Task prompt ▸ Go through the data that follows and restate each line exactly as it reads.

[Records from a dataset]

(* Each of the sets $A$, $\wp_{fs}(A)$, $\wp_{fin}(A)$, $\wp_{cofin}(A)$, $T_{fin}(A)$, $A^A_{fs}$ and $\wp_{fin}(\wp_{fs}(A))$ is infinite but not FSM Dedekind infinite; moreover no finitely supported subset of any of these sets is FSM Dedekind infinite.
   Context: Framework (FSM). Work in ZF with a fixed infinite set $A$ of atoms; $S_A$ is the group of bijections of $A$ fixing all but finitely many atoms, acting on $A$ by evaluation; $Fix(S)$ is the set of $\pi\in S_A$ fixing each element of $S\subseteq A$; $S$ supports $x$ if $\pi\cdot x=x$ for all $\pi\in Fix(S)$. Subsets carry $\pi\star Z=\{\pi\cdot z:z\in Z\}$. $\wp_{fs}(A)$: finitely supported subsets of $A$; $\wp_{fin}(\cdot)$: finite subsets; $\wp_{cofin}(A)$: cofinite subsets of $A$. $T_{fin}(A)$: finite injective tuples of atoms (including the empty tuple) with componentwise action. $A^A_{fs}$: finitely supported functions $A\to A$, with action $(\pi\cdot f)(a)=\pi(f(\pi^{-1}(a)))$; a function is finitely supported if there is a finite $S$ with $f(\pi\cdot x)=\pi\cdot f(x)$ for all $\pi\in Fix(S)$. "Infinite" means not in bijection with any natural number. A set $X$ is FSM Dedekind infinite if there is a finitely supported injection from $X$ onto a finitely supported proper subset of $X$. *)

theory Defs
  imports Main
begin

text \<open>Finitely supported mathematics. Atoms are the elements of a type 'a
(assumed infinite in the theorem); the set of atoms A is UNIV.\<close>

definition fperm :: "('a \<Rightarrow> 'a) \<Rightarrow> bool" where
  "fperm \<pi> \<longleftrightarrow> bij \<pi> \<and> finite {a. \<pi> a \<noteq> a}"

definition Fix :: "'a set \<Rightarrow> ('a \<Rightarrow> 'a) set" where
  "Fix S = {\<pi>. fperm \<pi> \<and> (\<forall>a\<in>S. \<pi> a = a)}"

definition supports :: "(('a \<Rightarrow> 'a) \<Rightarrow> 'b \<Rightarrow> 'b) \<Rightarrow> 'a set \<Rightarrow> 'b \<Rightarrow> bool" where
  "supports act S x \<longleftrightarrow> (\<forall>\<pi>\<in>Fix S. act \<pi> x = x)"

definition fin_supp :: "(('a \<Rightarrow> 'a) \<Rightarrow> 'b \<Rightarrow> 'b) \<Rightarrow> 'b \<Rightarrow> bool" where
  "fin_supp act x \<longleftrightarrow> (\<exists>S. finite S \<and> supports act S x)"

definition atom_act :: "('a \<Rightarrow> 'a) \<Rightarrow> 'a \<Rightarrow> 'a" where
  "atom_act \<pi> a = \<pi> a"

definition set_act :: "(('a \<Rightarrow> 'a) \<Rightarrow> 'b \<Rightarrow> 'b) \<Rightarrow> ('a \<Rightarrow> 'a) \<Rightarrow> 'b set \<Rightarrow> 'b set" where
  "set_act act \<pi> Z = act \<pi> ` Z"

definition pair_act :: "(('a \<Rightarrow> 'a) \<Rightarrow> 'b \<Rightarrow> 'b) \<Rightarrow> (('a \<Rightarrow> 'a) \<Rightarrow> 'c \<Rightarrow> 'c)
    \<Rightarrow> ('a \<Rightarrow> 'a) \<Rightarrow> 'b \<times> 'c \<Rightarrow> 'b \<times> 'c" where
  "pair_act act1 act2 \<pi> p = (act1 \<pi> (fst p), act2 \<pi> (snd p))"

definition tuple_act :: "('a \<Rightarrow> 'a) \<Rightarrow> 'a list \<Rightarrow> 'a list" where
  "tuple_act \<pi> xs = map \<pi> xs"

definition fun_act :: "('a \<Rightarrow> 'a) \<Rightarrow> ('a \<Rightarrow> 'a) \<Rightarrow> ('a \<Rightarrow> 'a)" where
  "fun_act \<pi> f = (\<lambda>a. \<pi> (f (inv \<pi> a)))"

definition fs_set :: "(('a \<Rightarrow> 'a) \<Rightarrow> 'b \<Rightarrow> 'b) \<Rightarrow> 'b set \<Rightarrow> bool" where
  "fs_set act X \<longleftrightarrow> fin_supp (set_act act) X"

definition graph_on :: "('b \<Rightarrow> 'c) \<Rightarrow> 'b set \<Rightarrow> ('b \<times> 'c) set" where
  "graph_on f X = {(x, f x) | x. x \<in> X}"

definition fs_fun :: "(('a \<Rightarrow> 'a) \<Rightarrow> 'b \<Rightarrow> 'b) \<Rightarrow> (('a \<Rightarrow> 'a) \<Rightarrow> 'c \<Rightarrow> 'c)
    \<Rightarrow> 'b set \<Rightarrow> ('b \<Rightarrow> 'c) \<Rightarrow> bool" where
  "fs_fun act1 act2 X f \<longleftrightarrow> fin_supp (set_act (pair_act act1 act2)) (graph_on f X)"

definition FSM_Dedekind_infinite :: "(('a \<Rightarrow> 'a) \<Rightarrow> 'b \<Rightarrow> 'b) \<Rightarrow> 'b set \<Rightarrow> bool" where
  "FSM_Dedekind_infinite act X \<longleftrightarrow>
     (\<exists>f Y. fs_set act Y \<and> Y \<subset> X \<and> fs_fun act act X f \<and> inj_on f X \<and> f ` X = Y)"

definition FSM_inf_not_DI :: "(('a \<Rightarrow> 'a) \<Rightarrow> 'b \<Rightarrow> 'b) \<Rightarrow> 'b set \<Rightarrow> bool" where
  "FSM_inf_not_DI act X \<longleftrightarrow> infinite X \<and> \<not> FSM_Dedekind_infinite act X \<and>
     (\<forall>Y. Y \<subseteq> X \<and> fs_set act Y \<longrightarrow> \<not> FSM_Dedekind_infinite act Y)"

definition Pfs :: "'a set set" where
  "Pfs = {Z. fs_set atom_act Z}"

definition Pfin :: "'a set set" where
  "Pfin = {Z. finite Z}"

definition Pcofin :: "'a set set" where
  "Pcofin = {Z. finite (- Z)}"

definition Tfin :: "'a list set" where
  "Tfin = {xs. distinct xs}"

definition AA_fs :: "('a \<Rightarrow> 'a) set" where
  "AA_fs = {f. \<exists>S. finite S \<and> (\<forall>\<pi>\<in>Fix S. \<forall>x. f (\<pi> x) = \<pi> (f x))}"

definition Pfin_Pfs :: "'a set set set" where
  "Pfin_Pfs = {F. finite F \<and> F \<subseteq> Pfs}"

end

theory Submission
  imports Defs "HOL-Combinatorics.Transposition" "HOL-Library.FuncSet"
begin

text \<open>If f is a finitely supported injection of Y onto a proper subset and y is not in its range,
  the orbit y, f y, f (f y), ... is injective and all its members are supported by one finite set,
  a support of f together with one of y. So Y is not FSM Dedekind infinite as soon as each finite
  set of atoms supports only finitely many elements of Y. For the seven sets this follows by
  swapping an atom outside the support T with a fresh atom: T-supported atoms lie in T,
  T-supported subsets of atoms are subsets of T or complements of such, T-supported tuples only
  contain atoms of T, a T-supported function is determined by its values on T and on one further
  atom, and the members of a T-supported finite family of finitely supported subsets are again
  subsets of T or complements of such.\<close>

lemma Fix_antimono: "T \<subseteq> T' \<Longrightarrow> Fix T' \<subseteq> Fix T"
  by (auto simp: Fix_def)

Output of the exercise ▸
(* Each of the sets $A$, $\wp_{fs}(A)$, $\wp_{fin}(A)$, $\wp_{cofin}(A)$, $T_{fin}(A)$, $A^A_{fs}$ and $\wp_{fin}(\wp_{fs}(A))$ is infinite but not FSM Dedekind infinite; moreover no finitely supported subset of any of these sets is FSM Dedekind infinite.
   Context: Framework (FSM). Work in ZF with a fixed infinite set $A$ of atoms; $S_A$ is the group of bijections of $A$ fixing all but finitely many atoms, acting on $A$ by evaluation; $Fix(S)$ is the set of $\pi\in S_A$ fixing each element of $S\subseteq A$; $S$ supports $x$ if $\pi\cdot x=x$ for all $\pi\in Fix(S)$. Subsets carry $\pi\star Z=\{\pi\cdot z:z\in Z\}$. $\wp_{fs}(A)$: finitely supported subsets of $A$; $\wp_{fin}(\cdot)$: finite subsets; $\wp_{cofin}(A)$: cofinite subsets of $A$. $T_{fin}(A)$: finite injective tuples of atoms (including the empty tuple) with componentwise action. $A^A_{fs}$: finitely supported functions $A\to A$, with action $(\pi\cdot f)(a)=\pi(f(\pi^{-1}(a)))$; a function is finitely supported if there is a finite $S$ with $f(\pi\cdot x)=\pi\cdot f(x)$ for all $\pi\in Fix(S)$. "Infinite" means not in bijection with any natural number. A set $X$ is FSM Dedekind infinite if there is a finitely supported injection from $X$ onto a finitely supported proper subset of $X$. *)

theory Defs
  imports Main
begin

text \<open>Finitely supported mathematics. Atoms are the elements of a type 'a
(assumed infinite in the theorem); the set of atoms A is UNIV.\<close>

definition fperm :: "('a \<Rightarrow> 'a) \<Rightarrow> bool" where
  "fperm \<pi> \<longleftrightarrow> bij \<pi> \<and> finite {a. \<pi> a \<noteq> a}"

definition Fix :: "'a set \<Rightarrow> ('a \<Rightarrow> 'a) set" where
  "Fix S = {\<pi>. fperm \<pi> \<and> (\<forall>a\<in>S. \<pi> a = a)}"

definition supports :: "(('a \<Rightarrow> 'a) \<Rightarrow> 'b \<Rightarrow> 'b) \<Rightarrow> 'a set \<Rightarrow> 'b \<Rightarrow> bool" where
  "supports act S x \<longleftrightarrow> (\<forall>\<pi>\<in>Fix S. act \<pi> x = x)"

definition fin_supp :: "(('a \<Rightarrow> 'a) \<Rightarrow> 'b \<Rightarrow> 'b) \<Rightarrow> 'b \<Rightarrow> bool" where
  "fin_supp act x \<longleftrightarrow> (\<exists>S. finite S \<and> supports act S x)"

definition atom_act :: "('a \<Rightarrow> 'a) \<Rightarrow> 'a \<Rightarrow> 'a" where
  "atom_act \<pi> a = \<pi> a"

definition set_act :: "(('a \<Rightarrow> 'a) \<Rightarrow> 'b \<Rightarrow> 'b) \<Rightarrow> ('a \<Rightarrow> 'a) \<Rightarrow> 'b set \<Rightarrow> 'b set" where
  "set_act act \<pi> Z = act \<pi> ` Z"

definition pair_act :: "(('a \<Rightarrow> 'a) \<Rightarrow> 'b \<Rightarrow> 'b) \<Rightarrow> (('a \<Rightarrow> 'a) \<Rightarrow> 'c \<Rightarrow> 'c)
    \<Rightarrow> ('a \<Rightarrow> 'a) \<Rightarrow> 'b \<times> 'c \<Rightarrow> 'b \<times> 'c" where
  "pair_act act1 act2 \<pi> p = (act1 \<pi> (fst p), act2 \<pi> (snd p))"

definition tuple_act :: "('a \<Rightarrow> 'a) \<Rightarrow> 'a list \<Rightarrow> 'a list" where
  "tuple_act \<pi> xs = map \<pi> xs"

definition fun_act :: "('a \<Rightarrow> 'a) \<Rightarrow> ('a \<Rightarrow> 'a) \<Rightarrow> ('a \<Rightarrow> 'a)" where
  "fun_act \<pi> f = (\<lambda>a. \<pi> (f (inv \<pi> a)))"

definition fs_set :: "(('a \<Rightarrow> 'a) \<Rightarrow> 'b \<Rightarrow> 'b) \<Rightarrow> 'b set \<Rightarrow> bool" where
  "fs_set act X \<longleftrightarrow> fin_supp (set_act act) X"

definition graph_on :: "('b \<Rightarrow> 'c) \<Rightarrow> 'b set \<Rightarrow> ('b \<times> 'c) set" where
  "graph_on f X = {(x, f x) | x. x \<in> X}"

definition fs_fun :: "(('a \<Rightarrow> 'a) \<Rightarrow> 'b \<Rightarrow> 'b) \<Rightarrow> (('a \<Rightarrow> 'a) \<Rightarrow> 'c \<Rightarrow> 'c)
    \<Rightarrow> 'b set \<Rightarrow> ('b \<Rightarrow> 'c) \<Rightarrow> bool" where
  "fs_fun act1 act2 X f \<longleftrightarrow> fin_supp (set_act (pair_act act1 act2)) (graph_on f X)"

definition FSM_Dedekind_infinite :: "(('a \<Rightarrow> 'a) \<Rightarrow> 'b \<Rightarrow> 'b) \<Rightarrow> 'b set \<Rightarrow> bool" where
  "FSM_Dedekind_infinite act X \<longleftrightarrow>
     (\<exists>f Y. fs_set act Y \<and> Y \<subset> X \<and> fs_fun act act X f \<and> inj_on f X \<and> f ` X = Y)"

definition FSM_inf_not_DI :: "(('a \<Rightarrow> 'a) \<Rightarrow> 'b \<Rightarrow> 'b) \<Rightarrow> 'b set \<Rightarrow> bool" where
  "FSM_inf_not_DI act X \<longleftrightarrow> infinite X \<and> \<not> FSM_Dedekind_infinite act X \<and>
     (\<forall>Y. Y \<subseteq> X \<and> fs_set act Y \<longrightarrow> \<not> FSM_Dedekind_infinite act Y)"

definition Pfs :: "'a set set" where
  "Pfs = {Z. fs_set atom_act Z}"

definition Pfin :: "'a set set" where
  "Pfin = {Z. finite Z}"

definition Pcofin :: "'a set set" where
  "Pcofin = {Z. finite (- Z)}"

definition Tfin :: "'a list set" where
  "Tfin = {xs. distinct xs}"

definition AA_fs :: "('a \<Rightarrow> 'a) set" where
  "AA_fs = {f. \<exists>S. finite S \<and> (\<forall>\<pi>\<in>Fix S. \<forall>x. f (\<pi> x) = \<pi> (f x))}"

definition Pfin_Pfs :: "'a set set set" where
  "Pfin_Pfs = {F. finite F \<and> F \<subseteq> Pfs}"

end

theory Submission
  imports Defs "HOL-Combinatorics.Transposition" "HOL-Library.FuncSet"
begin

text \<open>If f is a finitely supported injection of Y onto a proper subset and y is not in its range,
  the orbit y, f y, f (f y), ... is injective and all its members are supported by one finite set,
  a support of f together with one of y. So Y is not FSM Dedekind infinite as soon as each finite
  set of atoms supports only finitely many elements of Y. For the seven sets this follows by
  swapping an atom outside the support T with a fresh atom: T-supported atoms lie in T,
  T-supported subsets of atoms are subsets of T or complements of such, T-supported tuples only
  contain atoms of T, a T-supported function is determined by its values on T and on one further
  atom, and the members of a T-supported finite family of finitely supported subsets are again
  subsets of T or complements of such.\<close>

lemma Fix_antimono: "T \<subseteq> T' \<Longrightarrow> Fix T' \<subseteq> Fix T"
  by (auto simp: Fix_def)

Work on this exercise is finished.